An experienced traveler who leaned toward destinations in Mexico and South America, Mrs. Schinagl’s travel agency, Georgianna Tours, specialized in commercial travel and was located at the Devon-Sheridan-Broadway intersection.
Living on North Sheridan Road with her partner Paul Wenger, she became involved in local organizations that included the Edgewater Community Council, Morrow said.

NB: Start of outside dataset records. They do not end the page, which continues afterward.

(* Let $A$ be a complete filtered associative algebra over a field $\mathbb{K}$ of characteristic zero, and let $P:A\to A$ be a linear map preserving the filtration which is moreover an idempotent algebra homomorphism. Let $\chi:A_1\to A_1$ be the BCH-recursion map associated to $P$. Then for every $u\in A_1$, $$\chi(u)=u+\mathrm{BCH}\big(-P(u),u\big).$$
   Context: A complete filtered associative algebra is an associative algebra $A$ with a decreasing filtration $A=A_0\supseteq A_1\supseteq\cdots$ by subalgebras with $A_mA_n\subseteq A_{m+n}$ and $A\cong\varprojlim A/A_n$. $\mathrm{BCH}(x,y)$ is the Baker--Campbell--Hausdorff series defined by $\exp(x)\exp(y)=\exp(x+y+\mathrm{BCH}(x,y))$. With $\tilde P:=\mathrm{id}_A-P$, the BCH-recursion map associated to $P$ is the unique map $\chi:A_1\to A_1$ satisfying $\chi(a)=a-\mathrm{BCH}\big(P(\chi(a)),\tilde P(\chi(a))\big)$ for all $a\in A_1$ (the limit of the iteration $\chi_{(0)}(a)=a$, $\chi_{(n+1)}(a)=a-\mathrm{BCH}(P(\chi_{(n)}(a)),\tilde P(\chi_{(n)}(a)))$ in the filtration topology). *)

theory Defs
  imports Main
begin

text \<open>A (possibly non-unital) associative algebra over a field 'k of characteristic zero
  is modelled by a type 'a of class ring together with a scalar action sc.\<close>

definition assoc_algebra :: "('k::field_char_0 \<Rightarrow> 'a::ring \<Rightarrow> 'a) \<Rightarrow> bool" where
  "assoc_algebra sc \<longleftrightarrow>
     (\<forall>a x y. sc a (x + y) = sc a x + sc a y) \<and>
     (\<forall>a b x. sc (a + b) x = sc a x + sc b x) \<and>
     (\<forall>a b x. sc (a * b) x = sc a (sc b x)) \<and>
     (\<forall>x. sc 1 x = x) \<and>
     (\<forall>a x y. sc a (x * y) = sc a x * y) \<and>
     (\<forall>a x y. sc a (x * y) = x * sc a y)"

definition filtration :: "('k::field_char_0 \<Rightarrow> 'a::ring \<Rightarrow> 'a) \<Rightarrow> (nat \<Rightarrow> 'a set) \<Rightarrow> bool" where
  "filtration sc F \<longleftrightarrow>
     F 0 = UNIV \<and>
     (\<forall>n. F (Suc n) \<subseteq> F n) \<and>
     (\<forall>n. 0 \<in> F n \<and> (\<forall>x\<in>F n. \<forall>y\<in>F n. x + y \<in> F n) \<and> (\<forall>a. \<forall>x\<in>F n. sc a x \<in> F n)) \<and>
     (\<forall>m n. \<forall>x\<in>F m. \<forall>y\<in>F n. x * y \<in> F (m + n))"

text \<open>Completeness: the canonical map A -> lim A/A_n is bijective.
  Injectivity: the intersection of the A_n is zero.
  Surjectivity: every compatible family of residues x_n mod A_n comes from an element.\<close>
definition complete_filtration :: "(nat \<Rightarrow> 'a::ring set) \<Rightarrow> bool" where
  "complete_filtration F \<longleftrightarrow>
     (\<Inter>n. F n) = {0} \<and>
     (\<forall>x. (\<forall>n. x (Suc n) - x n \<in> F n) \<longrightarrow> (\<exists>y. \<forall>n. y - x n \<in> F n))"

definition complete_filtered_algebra ::
  "('k::field_char_0 \<Rightarrow> 'a::ring \<Rightarrow> 'a) \<Rightarrow> (nat \<Rightarrow> 'a set) \<Rightarrow> bool" where
  "complete_filtered_algebra sc F \<longleftrightarrow>
     assoc_algebra sc \<and> filtration sc F \<and> complete_filtration F"

definition filt_lim :: "(nat \<Rightarrow> 'a::ring set) \<Rightarrow> (nat \<Rightarrow> 'a) \<Rightarrow> 'a \<Rightarrow> bool" where
  "filt_lim F s y \<longleftrightarrow> (\<forall>k. \<exists>N. \<forall>n\<ge>N. s n - y \<in> F k)"

definition fsum :: "(nat \<Rightarrow> 'a::ring set) \<Rightarrow> (nat \<Rightarrow> 'a) \<Rightarrow> 'a" where
  "fsum F f = (THE y. filt_lim F (\<lambda>n. \<Sum>i<n. f i) y)"

fun npow :: "nat \<Rightarrow> 'a::ring \<Rightarrow> 'a" where
  "npow 0 z = 0"
| "npow (Suc 0) z = z"
| "npow (Suc (Suc n)) z = z * npow (Suc n) z"

definition mon :: "nat \<Rightarrow> nat \<Rightarrow> 'a::ring \<Rightarrow> 'a \<Rightarrow> 'a" where
  "mon p q x y = (if p = 0 then npow q y else if q = 0 then npow p x else npow p x * npow q y)"

text \<open>exp(x) exp(y) - 1 = sum over (p,q) /= (0,0) of x^p y^q / (p! q!), grouped by total degree.\<close>
definition exp_prod_m1 ::
  "('k::field_char_0 \<Rightarrow> 'a::ring \<Rightarrow> 'a) \<Rightarrow> (nat \<Rightarrow> 'a set) \<Rightarrow> 'a \<Rightarrow> 'a \<Rightarrow> 'a" where
  "exp_prod_m1 sc F x y = fsum F (\<lambda>n. if n = 0 then 0 else
      (\<Sum>p\<le>n. sc (1 / (of_nat (fact p) * of_nat (fact (n - p)))) (mon p (n - p) x y)))"

definition log1p ::
  "('k::field_char_0 \<Rightarrow> 'a::ring \<Rightarrow> 'a) \<Rightarrow> (nat \<Rightarrow> 'a set) \<Rightarrow> 'a \<Rightarrow> 'a" where
  "log1p sc F z = fsum F (\<lambda>k. if k = 0 then 0 else sc ((-1) ^ (k + 1) / of_nat k) (npow k z))"

text \<open>BCH(x,y) defined by exp(x) exp(y) = exp(x + y + BCH(x,y)), i.e.
  BCH(x,y) = log(exp(x) exp(y)) - x - y (for x, y in A_1).\<close>
definition BCH ::
  "('k::field_char_0 \<Rightarrow> 'a::ring \<Rightarrow> 'a) \<Rightarrow> (nat \<Rightarrow> 'a set) \<Rightarrow> 'a \<Rightarrow> 'a \<Rightarrow> 'a" where
  "BCH sc F x y = log1p sc F (exp_prod_m1 sc F x y) - x - y"

end

theory Submission
  imports Defs "HOL-Computational_Algebra.Formal_Power_Series"
begin

text \<open>Write c = chi u, p = P c and q = c - p, so that P p = p and P q = 0. Without a unit,
  exp x - 1 and log (1 + z) are evaluations of the formal power series exp X - 1 and
  log (1 + X) at elements of A_1, and (1 + a)(1 + b) - 1 is the circle product a + b + ab;
  evaluation is a continuous homomorphism compatible with composition, so all identities
  between these operations are inherited from 'k[[X]]. The recursion for chi says
  exp u = exp p exp q. A continuous algebra endomorphism commutes with exp, so applying P
  gives exp (P u) = exp p exp 0 = exp p, hence P u = p. Therefore exp (-P u) exp u = exp q,
  that is u + BCH(-P u, u) = q + p = chi u.\<close>

definition circ_mult :: "'a::ring \<Rightarrow> 'a \<Rightarrow> 'a" where
  "circ_mult a b = a + b + a * b"

lemma circ_mult_assoc: "circ_mult (circ_mult a b) c = circ_mult a (circ_mult b c)"
  by (simp add: circ_mult_def algebra_simps)

lemma circ_mult_0_left [simp]: "circ_mult 0 a = a"
  and circ_mult_0_right [simp]: "circ_mult a 0 = a"
  by (simp_all add: circ_mult_def)

lemma circ_mult_fps_exp_neg:
  "circ_mult (fps_exp (-1) - 1) (fps_exp 1 - 1 :: 'k::field_char_0 fps) = 0"
proof -
  have "circ_mult (fps_exp (-1) - 1) (fps_exp 1 - 1 :: 'k fps) = fps_exp (-1) * fps_exp 1 - 1"
    by (simp add: circ_mult_def algebra_simps)
  also have "\<dots> = 0"
    by (simp flip: fps_exp_add_mult)
  finally show ?thesis .
qed

lemma npow_Suc: "n \<ge> 1 \<Longrightarrow> npow (Suc n) x = x * npow n x"
  by (cases n) auto

lemma npow_add: "m \<ge> 1 \<Longrightarrow> n \<ge> 1 \<Longrightarrow> npow (m + n) x = npow m x * npow n x"
proof (induction m rule: nat_induct_at_least)
  case base
  then show ?case by (simp add: npow_Suc)
next
  case (Suc m)
  then show ?case by (simp add: npow_Suc mult.assoc)
qed

lemma npow_0_right [simp]: "npow n (0::'a::ring) = 0"
proof (induction n)
  case (Suc n)
  then show ?case by (cases n) auto
qed simp

lemma npow_hom:
  assumes "\<And>x y. h (x * y) = h x * h y" and "h 0 = 0"
  shows "h (npow n x) = npow n (h x)"
  by (induction n x rule: npow.induct) (simp_all add: assms)

lemma fps_compose_eq_truncated_sum:
  fixes f g :: "'k::comm_ring_1 fps"
  assumes "fps_nth g 0 = 0" and "j < N"
  shows "fps_nth (\<Sum>i<N. fps_const (fps_nth f i) * g ^ i) j = fps_nth (f oo g) j"
proof -
  have "fps_nth (\<Sum>i<N. fps_const (fps_nth f i) * g ^ i) j = (\<Sum>i<N. fps_nth f i * fps_nth (g ^ i) j)"
    by (simp add: fps_sum_nth)
  also have "\<dots> = (\<Sum>i\<in>{0..j}. fps_nth f i * fps_nth (g ^ i) j)"
    using assms startsby_zero_power_prefix[OF assms(1)]
    by (intro sum.mono_neutral_right) auto
  also have "\<dots> = fps_nth (f oo g) j"
    by (simp add: fps_compose_nth)
  finally show ?thesis .
qed

lemma sum_lessThan_diff:
  fixes f :: "nat \<Rightarrow> 'a::ab_group_add"
  assumes "m \<le> n"
  shows "(\<Sum>i<n. f i) - (\<Sum>i<m. f i) = (\<Sum>i\<in>{m..<n}. f i)"
  using sum_diff_nat_ivl[of 0 m n f] assms by (simp add: atLeast0LessThan)

locale filtered_alg =
  fixes sc :: "'k::field_char_0 \<Rightarrow> 'a::ring \<Rightarrow> 'a" and F :: "nat \<Rightarrow> 'a set"
  assumes complete_filtered: "complete_filtered_algebra sc F"
begin

lemma
  shows sc_add: "sc a (x + y) = sc a x + sc a y"
    and sc_add_left: "sc (a + b) x = sc a x + sc b x"
    and sc_sc: "sc a (sc b x) = sc (a * b) x"
    and sc_one: "sc 1 x = x"
    and sc_mult_left: "sc a (x * y) = sc a x * y"
    and sc_mult_right: "sc a (x * y) = x * sc a y"
  using complete_filtered
  unfolding complete_filtered_algebra_def assoc_algebra_def by (elim conjE; simp)+

sublocale module sc
  by unfold_locales (simp_all add: sc_add sc_add_left sc_sc sc_one)

lemma sc_mult_sc: "sc a x * sc b y = sc (a * b) (x * y)"
  by (simp add: mult.commute flip: sc_mult_left sc_mult_right)

lemma additive_sc: "additive (sc a)"
  by unfold_locales (rule sc_add)

lemma
  shows F_0: "F 0 = UNIV"
    and F_Suc: "F (Suc n) \<subseteq> F n"
    and F_zero [simp]: "0 \<in> F n"
    and F_add: "x \<in> F n \<Longrightarrow> y \<in> F n \<Longrightarrow> x + y \<in> F n"
    and F_sc: "x \<in> F n \<Longrightarrow> sc a x \<in> F n"
    and F_mult: "x \<in> F m \<Longrightarrow> y \<in> F n \<Longrightarrow> x * y \<in> F (m + n)"
  using complete_filtered unfolding complete_filtered_algebra_def filtration_def by blast+

lemma F_antimono: "m \<le> n \<Longrightarrow> x \<in> F n \<Longrightarrow> x \<in> F m"
  using lift_Suc_antimono_le[of F, OF F_Suc] by blast

lemma F_uminus: "x \<in> F n \<Longrightarrow> - x \<in> F n"
  using F_sc[of x n "-1"] by simp

lemma F_diff: "x \<in> F n \<Longrightarrow> y \<in> F n \<Longrightarrow> x - y \<in> F n"
  using F_add[OF _ F_uminus] by (simp only: diff_conv_add_uminus)

lemma F_sum: "(\<And>i. i \<in> A \<Longrightarrow> f i \<in> F n) \<Longrightarrow> sum f A \<in> F n"
  by (induction A rule: infinite_finite_induct) (auto intro: F_add)

lemma F_mult_left: "x \<in> F n \<Longrightarrow> x * y \<in> F n"
  using F_mult[of x n y 0] by (simp add: F_0)

lemma F_mult_right: "y \<in> F n \<Longrightarrow> x * y \<in> F n"
  using F_mult[of x 0 y n] by (simp add: F_0)

lemma circ_mult_in_F: "x \<in> F n \<Longrightarrow> y \<in> F n \<Longrightarrow> circ_mult x y \<in> F n"
  unfolding circ_mult_def by (intro F_add F_mult_left)

lemma
  shows F_separated: "(\<And>n. x \<in> F n) \<Longrightarrow> x = 0"
    and F_complete: "(\<And>n. s (Suc n) - s n \<in> F n) \<Longrightarrow> \<exists>y. \<forall>n. y - s n \<in> F n"
  using complete_filtered unfolding complete_filtered_algebra_def complete_filtration_def
  by blast+
(* Assume $p_0\in(0,1)$, $p_j\in(0,1)$ and $\tau_j=\frac{p_0}{p_0+2(1-p_0)p_j}$ for $j=1,\dots,k$. Then for all $\Theta=(\theta_1,\dots,\theta_n)$ and $X=(x_1,\dots,x_n)$ in $\mathbb R^{nd}$, $$\mathbb E\|g-\nabla F(X)\|^2\le 2\mathcal L\, D_F(\Theta,X),$$ where $g=(g_1,\dots,g_n)$, the expectation is over $\xi$ and $(l_i)_{i}$, and $D_F(\Theta,X)=F(\Theta)-F(X)-\langle\nabla F(X),\Theta-X\rangle$.
   Context: Clients $1,\dots,n$ are partitioned into nonempty disjoint clusters $\mathcal I_1,\dots,\mathcal I_k$; $d\ge1$. Each $f_i(\theta)=\frac1{n_i}\sum_{l=1}^{n_i}\tilde f_{i,l}(\theta)$ where each $\tilde f_{i,l}:\mathbb R^d\to\mathbb R$ is $\tilde L$-smooth and $\mu$-strongly convex. Fix $\gamma_i>0$ and $\alpha_j\in[0,1]$, not all $\alpha_j=0$. For a vector $\Theta=(\theta_1,\dots,\theta_n)$ define $\bar\theta_j=\frac{\sum_{i\in\mathcal I_j}\gamma_i\theta_i}{\sum_{i\in\mathcal I_j}\gamma_i}$, $\bar\theta=\frac{\sum_{j}\sum_{i\in\mathcal I_j}\alpha_j\gamma_i\theta_i}{\sum_{j}\sum_{i\in\mathcal I_j}\alpha_j\gamma_i}$ (and analogously $\bar x_j,\bar x$ for $X$), and $F(\Theta)=\sum_{j}\sum_{i\in\mathcal I_j}\big(f_i(\theta_i)+\frac{(1-\alpha_j)\gamma_i}{2}\|\theta_i-\bar\theta_j\|^2+\frac{\alpha_j\gamma_i}{2}\|\theta_i-\bar\theta\|^2\big)$. Randomness: $\xi_0,\dots,\xi_k$ independent Bernoulli with $\mathbb P(\xi_j=1)=p_j$, and independently for each client $i$ an index $l_i$ uniform on $\{1,\dots,n_i\}$. For $i\in\mathcal I_j$: $$g_i=\nabla f_i(x_i)+\alpha_j\gamma_i(x_i-\bar x)+(1-\alpha_j)\gamma_i(x_i-\bar x_j)+\mathbf 1\{\xi_0=1\}\frac{\gamma_i\alpha_j}{p_0}\big(\theta_i-\bar\theta-(x_i-\bar x)\big)$$ $$+\mathbf 1\{\xi_0=0,\xi_j=1\}\frac{\gamma_i(1-\tau_j)(1-\alpha_j)}{(1-p_0)p_j}\big((\theta_i-\bar\theta_j)-(x_i-\bar x_j)\big)+\mathbf 1\{\xi_0=0,\xi_j=0\}\frac{1}{(1-p_0)(1-p_j)}\big(\nabla\tilde f_{i,l_i}(\theta_i)-\nabla\tilde f_{i,l_i}(x_i)\big).$$ Define $\mathcal L=\max\big\{\frac{2}{p_0}\max_{j}\max_{i\in\mathcal I_j}\alpha_j\gamma_i,\ \max_{j}\frac{2(1-\alpha_j)\max_{i\in\mathcal I_j}\gamma_i}{p_0+2(1-p_0)p_j},\ \frac{\tilde L}{1-p_0}\max_{j}\frac{1}{1-p_j}\big\}$. *)

theory Defs
  imports "HOL-Analysis.Analysis"
begin

text \<open>Clients are indexed by a finite type 'n, clusters by a finite type 'k,
  parameters live in a Euclidean space 'a (playing the role of R^d).
  A stacked vector (theta_1,...,theta_n) is an element of 'a^'n.
  cl i is the cluster of client i; N i = n_i is the number of local samples;
  ft i l is the l-th local function of client i (l in 1..N i), gt i l its gradient.\<close>

definition loc_f :: "('n \<Rightarrow> nat) \<Rightarrow> ('n \<Rightarrow> nat \<Rightarrow> 'a \<Rightarrow> real) \<Rightarrow> 'n \<Rightarrow> 'a \<Rightarrow> real" where
  "loc_f N ft i x = (\<Sum>l = 1..N i. ft i l x) / real (N i)"

definition loc_grad :: "('n \<Rightarrow> nat) \<Rightarrow> ('n \<Rightarrow> nat \<Rightarrow> 'a \<Rightarrow> 'a) \<Rightarrow> 'n \<Rightarrow> 'a \<Rightarrow> 'a::real_vector" where
  "loc_grad N gt i x = (\<Sum>l = 1..N i. gt i l x) /\<^sub>R real (N i)"

definition clavg :: "('n::finite \<Rightarrow> 'k) \<Rightarrow> ('n \<Rightarrow> real) \<Rightarrow> ('a::real_vector)^'n \<Rightarrow> 'k \<Rightarrow> 'a" where
  "clavg cl \<gamma> \<Theta> j = (\<Sum>i\<in>{i. cl i = j}. \<gamma> i *\<^sub>R (\<Theta> $ i)) /\<^sub>R (\<Sum>i\<in>{i. cl i = j}. \<gamma> i)"

definition gavg :: "('n::finite \<Rightarrow> 'k) \<Rightarrow> ('k \<Rightarrow> real) \<Rightarrow> ('n \<Rightarrow> real) \<Rightarrow> ('a::real_vector)^'n \<Rightarrow> 'a" where
  "gavg cl \<alpha> \<gamma> \<Theta> = (\<Sum>i\<in>UNIV. (\<alpha> (cl i) * \<gamma> i) *\<^sub>R (\<Theta> $ i)) /\<^sub>R (\<Sum>i\<in>UNIV. \<alpha> (cl i) * \<gamma> i)"

definition Fobj :: "('n::finite \<Rightarrow> nat) \<Rightarrow> ('n \<Rightarrow> nat \<Rightarrow> 'a \<Rightarrow> real) \<Rightarrow> ('n \<Rightarrow> 'k)
    \<Rightarrow> ('k \<Rightarrow> real) \<Rightarrow> ('n \<Rightarrow> real) \<Rightarrow> ('a::real_normed_vector)^'n \<Rightarrow> real" where
  "Fobj N ft cl \<alpha> \<gamma> \<Theta> = (\<Sum>i\<in>UNIV.
      loc_f N ft i (\<Theta> $ i)
      + (1 - \<alpha> (cl i)) * \<gamma> i / 2 * (norm (\<Theta> $ i - clavg cl \<gamma> \<Theta> (cl i)))\<^sup>2
      + \<alpha> (cl i) * \<gamma> i / 2 * (norm (\<Theta> $ i - gavg cl \<alpha> \<gamma> \<Theta>))\<^sup>2)"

Around 1991, she and Wenger purchased Gino’s North, a venerable bar and restaurant near the Granville CTA train stop. (The bar is not connected to Gino’s East pizza restaurant.) She worked behind the bar and continued to run the place for several years after Wenger’s death in 2003, said Peggy Gelsomino, the establishment’s longtime cook.
“She was independent, very strict on how things operated,” Gelsomino said. “She didn’t take any nonsense from anybody.”
Mrs. Schinagl is also survived by another son, Kurt; two sisters; 11 grandchildren; and five great-grandchildren.
She donated her body to research. A memorial service is being planned.